++++ ENTRIES SHOWN ++++

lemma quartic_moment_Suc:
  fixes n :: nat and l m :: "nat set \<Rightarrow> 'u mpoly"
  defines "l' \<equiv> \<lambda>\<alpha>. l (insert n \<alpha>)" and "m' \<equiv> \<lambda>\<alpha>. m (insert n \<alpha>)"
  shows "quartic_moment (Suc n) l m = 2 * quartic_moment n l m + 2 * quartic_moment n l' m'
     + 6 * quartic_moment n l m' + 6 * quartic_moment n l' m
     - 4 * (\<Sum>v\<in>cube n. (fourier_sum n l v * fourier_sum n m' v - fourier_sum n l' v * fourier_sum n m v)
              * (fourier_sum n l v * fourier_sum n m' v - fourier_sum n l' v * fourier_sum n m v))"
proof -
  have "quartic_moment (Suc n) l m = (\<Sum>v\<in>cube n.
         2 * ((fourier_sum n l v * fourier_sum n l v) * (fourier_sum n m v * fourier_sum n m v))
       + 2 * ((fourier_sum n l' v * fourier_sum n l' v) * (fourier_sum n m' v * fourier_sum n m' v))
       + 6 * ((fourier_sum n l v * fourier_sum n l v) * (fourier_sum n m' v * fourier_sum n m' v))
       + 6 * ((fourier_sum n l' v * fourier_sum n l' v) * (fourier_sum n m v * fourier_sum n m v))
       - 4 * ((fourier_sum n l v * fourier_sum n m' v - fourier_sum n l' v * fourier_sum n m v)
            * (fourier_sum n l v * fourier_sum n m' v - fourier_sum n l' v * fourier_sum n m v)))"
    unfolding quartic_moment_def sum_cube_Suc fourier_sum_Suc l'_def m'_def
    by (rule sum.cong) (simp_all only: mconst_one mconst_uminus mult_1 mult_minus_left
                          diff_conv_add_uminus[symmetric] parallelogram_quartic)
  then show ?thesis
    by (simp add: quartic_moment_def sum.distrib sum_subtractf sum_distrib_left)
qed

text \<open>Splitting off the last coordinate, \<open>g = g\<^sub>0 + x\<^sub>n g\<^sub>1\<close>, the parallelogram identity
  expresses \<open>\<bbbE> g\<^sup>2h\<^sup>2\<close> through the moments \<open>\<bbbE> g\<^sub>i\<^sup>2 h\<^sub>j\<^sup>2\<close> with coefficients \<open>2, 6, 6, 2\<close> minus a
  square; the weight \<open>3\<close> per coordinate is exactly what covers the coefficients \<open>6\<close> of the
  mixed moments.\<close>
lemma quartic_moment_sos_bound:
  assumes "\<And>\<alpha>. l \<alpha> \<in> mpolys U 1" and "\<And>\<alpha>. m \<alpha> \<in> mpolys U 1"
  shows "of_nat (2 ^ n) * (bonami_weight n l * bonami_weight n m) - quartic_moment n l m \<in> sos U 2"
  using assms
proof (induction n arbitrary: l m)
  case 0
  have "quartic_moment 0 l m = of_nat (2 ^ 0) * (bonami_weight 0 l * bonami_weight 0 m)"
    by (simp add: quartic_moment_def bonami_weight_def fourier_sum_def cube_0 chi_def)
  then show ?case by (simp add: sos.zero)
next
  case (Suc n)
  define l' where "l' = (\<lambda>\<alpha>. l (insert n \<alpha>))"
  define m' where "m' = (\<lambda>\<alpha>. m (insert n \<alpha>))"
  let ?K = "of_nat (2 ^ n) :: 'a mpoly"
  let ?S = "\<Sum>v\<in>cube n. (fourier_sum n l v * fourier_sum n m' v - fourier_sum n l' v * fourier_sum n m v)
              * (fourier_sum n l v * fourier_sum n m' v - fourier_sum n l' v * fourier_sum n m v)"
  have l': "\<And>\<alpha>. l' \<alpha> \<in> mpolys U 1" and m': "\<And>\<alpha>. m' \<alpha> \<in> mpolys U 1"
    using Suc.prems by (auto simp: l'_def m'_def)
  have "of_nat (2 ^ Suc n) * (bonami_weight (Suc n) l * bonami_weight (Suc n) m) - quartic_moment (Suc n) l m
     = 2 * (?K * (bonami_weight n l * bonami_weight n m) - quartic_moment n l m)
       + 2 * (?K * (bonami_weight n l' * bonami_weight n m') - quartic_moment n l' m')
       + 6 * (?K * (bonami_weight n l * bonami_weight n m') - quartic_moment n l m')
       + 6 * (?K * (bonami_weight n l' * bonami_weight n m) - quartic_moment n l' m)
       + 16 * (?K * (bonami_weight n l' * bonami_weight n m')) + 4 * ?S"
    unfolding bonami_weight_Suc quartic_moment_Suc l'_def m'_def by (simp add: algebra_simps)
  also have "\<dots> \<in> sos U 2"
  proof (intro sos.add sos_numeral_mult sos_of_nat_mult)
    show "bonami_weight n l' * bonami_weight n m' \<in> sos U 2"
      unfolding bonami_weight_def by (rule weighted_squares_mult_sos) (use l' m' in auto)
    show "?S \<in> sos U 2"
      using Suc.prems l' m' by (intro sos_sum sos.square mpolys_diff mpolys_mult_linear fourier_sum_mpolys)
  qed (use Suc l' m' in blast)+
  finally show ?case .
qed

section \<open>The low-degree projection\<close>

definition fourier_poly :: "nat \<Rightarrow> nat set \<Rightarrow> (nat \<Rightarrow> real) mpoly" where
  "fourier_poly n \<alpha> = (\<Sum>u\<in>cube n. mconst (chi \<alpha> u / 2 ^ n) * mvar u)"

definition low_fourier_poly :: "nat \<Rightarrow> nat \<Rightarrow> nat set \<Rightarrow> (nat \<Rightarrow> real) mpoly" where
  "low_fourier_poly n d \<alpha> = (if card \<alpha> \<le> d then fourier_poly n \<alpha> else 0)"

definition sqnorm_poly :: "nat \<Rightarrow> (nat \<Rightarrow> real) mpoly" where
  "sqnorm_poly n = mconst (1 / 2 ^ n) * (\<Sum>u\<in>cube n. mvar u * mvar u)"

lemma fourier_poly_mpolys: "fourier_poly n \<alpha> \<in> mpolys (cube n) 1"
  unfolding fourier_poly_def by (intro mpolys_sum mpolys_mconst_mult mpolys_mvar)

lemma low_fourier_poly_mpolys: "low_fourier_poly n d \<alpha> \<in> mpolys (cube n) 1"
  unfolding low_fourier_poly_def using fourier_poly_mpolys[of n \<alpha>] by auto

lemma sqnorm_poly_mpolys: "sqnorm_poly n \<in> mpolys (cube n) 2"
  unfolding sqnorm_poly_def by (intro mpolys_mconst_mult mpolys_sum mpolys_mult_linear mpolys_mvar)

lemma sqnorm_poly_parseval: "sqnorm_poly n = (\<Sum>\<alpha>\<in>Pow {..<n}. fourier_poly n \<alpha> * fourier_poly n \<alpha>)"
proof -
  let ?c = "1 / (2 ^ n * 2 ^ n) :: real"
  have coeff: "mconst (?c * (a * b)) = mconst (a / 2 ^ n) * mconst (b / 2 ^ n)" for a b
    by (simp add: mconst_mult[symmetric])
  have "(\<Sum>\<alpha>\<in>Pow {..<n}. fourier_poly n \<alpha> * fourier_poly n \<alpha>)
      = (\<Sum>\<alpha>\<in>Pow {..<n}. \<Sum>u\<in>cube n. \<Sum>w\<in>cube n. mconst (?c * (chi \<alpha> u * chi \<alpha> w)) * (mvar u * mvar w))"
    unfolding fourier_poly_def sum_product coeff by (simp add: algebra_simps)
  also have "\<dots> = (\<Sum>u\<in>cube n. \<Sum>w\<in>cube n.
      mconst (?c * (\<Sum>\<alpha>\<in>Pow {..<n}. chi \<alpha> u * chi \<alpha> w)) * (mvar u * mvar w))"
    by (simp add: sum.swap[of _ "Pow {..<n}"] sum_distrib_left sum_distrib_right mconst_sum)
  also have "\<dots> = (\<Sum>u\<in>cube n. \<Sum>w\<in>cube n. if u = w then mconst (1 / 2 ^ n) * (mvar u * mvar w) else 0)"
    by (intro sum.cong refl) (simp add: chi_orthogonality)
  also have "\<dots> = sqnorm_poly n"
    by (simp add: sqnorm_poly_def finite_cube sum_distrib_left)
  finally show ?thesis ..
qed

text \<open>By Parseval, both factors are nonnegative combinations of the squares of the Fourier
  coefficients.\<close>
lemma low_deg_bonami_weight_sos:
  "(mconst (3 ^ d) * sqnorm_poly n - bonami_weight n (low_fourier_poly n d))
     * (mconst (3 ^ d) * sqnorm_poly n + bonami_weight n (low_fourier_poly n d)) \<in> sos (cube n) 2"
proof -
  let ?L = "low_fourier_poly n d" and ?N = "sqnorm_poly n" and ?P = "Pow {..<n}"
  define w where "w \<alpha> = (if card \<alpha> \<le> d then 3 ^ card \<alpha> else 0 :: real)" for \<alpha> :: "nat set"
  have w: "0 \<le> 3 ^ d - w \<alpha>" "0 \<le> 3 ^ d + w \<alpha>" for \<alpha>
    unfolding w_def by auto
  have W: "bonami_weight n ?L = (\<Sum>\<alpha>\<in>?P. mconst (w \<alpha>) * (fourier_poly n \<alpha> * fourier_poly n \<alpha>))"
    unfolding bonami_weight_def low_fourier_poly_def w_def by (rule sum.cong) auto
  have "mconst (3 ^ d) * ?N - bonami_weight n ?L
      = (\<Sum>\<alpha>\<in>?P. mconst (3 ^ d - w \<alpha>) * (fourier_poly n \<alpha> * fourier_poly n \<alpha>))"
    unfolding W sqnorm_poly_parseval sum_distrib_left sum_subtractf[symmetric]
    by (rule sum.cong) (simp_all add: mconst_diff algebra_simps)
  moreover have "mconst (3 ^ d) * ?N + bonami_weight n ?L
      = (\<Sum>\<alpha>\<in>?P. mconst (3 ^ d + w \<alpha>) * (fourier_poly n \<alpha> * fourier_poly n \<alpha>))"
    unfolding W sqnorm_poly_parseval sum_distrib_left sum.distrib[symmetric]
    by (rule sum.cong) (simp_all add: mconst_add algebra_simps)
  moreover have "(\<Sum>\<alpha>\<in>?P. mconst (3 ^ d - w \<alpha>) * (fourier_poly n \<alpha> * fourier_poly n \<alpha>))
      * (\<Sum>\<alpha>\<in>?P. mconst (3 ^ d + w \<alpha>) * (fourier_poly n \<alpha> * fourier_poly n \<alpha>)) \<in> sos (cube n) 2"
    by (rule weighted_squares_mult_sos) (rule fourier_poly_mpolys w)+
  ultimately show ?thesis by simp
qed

++++
++++ ENTRIES SHOWN ++++

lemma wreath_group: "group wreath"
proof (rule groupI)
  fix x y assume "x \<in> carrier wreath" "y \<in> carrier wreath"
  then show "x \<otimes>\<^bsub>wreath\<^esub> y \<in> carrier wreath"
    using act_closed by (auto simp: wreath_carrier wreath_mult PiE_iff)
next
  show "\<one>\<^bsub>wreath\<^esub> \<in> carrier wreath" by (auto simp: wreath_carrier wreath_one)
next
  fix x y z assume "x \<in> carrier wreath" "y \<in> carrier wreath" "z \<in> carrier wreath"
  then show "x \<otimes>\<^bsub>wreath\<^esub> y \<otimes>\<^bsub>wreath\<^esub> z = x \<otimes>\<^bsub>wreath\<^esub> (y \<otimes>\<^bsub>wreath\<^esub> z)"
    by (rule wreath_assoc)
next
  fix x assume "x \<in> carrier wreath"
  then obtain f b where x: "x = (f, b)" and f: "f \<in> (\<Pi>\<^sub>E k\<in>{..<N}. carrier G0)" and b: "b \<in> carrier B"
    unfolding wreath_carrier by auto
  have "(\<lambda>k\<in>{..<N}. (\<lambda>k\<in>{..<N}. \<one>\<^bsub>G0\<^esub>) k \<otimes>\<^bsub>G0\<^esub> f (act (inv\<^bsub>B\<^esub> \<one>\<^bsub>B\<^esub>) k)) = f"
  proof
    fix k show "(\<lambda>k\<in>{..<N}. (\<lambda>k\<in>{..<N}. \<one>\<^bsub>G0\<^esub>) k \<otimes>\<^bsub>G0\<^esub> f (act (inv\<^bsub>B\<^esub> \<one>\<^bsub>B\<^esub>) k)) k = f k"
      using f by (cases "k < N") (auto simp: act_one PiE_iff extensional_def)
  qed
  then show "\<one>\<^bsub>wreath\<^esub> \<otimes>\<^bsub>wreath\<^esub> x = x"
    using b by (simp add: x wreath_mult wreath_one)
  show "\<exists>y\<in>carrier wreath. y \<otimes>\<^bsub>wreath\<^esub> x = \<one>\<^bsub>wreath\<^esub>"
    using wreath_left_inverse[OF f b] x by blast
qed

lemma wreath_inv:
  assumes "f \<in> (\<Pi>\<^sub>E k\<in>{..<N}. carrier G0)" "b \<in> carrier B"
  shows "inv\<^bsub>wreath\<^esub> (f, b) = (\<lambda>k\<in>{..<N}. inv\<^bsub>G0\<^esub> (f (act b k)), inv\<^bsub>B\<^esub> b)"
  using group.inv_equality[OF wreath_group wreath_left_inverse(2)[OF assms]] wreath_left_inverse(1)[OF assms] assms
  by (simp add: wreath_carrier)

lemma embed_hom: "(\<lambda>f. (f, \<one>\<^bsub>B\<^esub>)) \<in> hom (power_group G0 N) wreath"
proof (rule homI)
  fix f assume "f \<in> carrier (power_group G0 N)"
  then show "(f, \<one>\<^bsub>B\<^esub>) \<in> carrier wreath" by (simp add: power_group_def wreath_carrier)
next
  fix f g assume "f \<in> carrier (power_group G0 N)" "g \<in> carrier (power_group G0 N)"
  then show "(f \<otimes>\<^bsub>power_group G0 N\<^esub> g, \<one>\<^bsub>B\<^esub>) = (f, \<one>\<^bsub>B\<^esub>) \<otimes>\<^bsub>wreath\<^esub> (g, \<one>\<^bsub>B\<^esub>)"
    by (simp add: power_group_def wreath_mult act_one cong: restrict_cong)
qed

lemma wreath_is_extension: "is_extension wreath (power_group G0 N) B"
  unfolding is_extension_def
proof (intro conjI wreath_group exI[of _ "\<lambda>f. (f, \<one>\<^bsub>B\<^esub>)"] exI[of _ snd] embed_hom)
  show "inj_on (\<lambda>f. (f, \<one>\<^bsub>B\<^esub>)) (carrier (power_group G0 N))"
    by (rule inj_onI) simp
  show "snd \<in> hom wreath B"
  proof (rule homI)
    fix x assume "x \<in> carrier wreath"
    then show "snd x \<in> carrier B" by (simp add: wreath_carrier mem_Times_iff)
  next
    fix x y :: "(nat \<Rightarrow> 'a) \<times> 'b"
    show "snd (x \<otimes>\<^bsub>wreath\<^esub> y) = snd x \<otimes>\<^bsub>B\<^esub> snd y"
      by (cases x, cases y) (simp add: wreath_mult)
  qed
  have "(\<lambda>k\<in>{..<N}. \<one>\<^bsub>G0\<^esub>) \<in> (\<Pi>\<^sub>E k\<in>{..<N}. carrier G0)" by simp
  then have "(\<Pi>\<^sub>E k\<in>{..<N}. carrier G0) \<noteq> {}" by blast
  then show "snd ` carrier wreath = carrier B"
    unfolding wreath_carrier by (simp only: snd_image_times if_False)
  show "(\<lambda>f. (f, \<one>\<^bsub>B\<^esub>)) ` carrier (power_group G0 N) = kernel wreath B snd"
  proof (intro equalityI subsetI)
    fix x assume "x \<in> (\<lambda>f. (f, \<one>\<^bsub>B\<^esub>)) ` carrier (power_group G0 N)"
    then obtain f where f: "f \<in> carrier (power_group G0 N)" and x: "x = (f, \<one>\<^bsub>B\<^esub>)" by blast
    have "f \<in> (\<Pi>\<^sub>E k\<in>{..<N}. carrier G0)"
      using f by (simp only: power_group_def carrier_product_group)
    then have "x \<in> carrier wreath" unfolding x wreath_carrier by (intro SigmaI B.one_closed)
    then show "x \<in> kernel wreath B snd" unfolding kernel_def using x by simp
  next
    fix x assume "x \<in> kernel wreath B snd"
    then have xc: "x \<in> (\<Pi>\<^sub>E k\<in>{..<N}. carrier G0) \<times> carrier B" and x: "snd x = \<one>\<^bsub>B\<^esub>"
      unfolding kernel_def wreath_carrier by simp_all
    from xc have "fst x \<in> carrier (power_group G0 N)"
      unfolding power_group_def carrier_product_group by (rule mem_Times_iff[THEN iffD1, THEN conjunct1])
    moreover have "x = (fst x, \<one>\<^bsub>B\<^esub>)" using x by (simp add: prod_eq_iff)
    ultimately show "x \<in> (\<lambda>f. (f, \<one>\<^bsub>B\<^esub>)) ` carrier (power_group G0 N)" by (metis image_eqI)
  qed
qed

++++

PROBLEM DETAILS
Search the records line by line for the word "thesis" and copy every line where it appears.

EXPECTED OUTPUT
  then show ?thesis
  finally show ?thesis ..
  ultimately show ?thesis by simp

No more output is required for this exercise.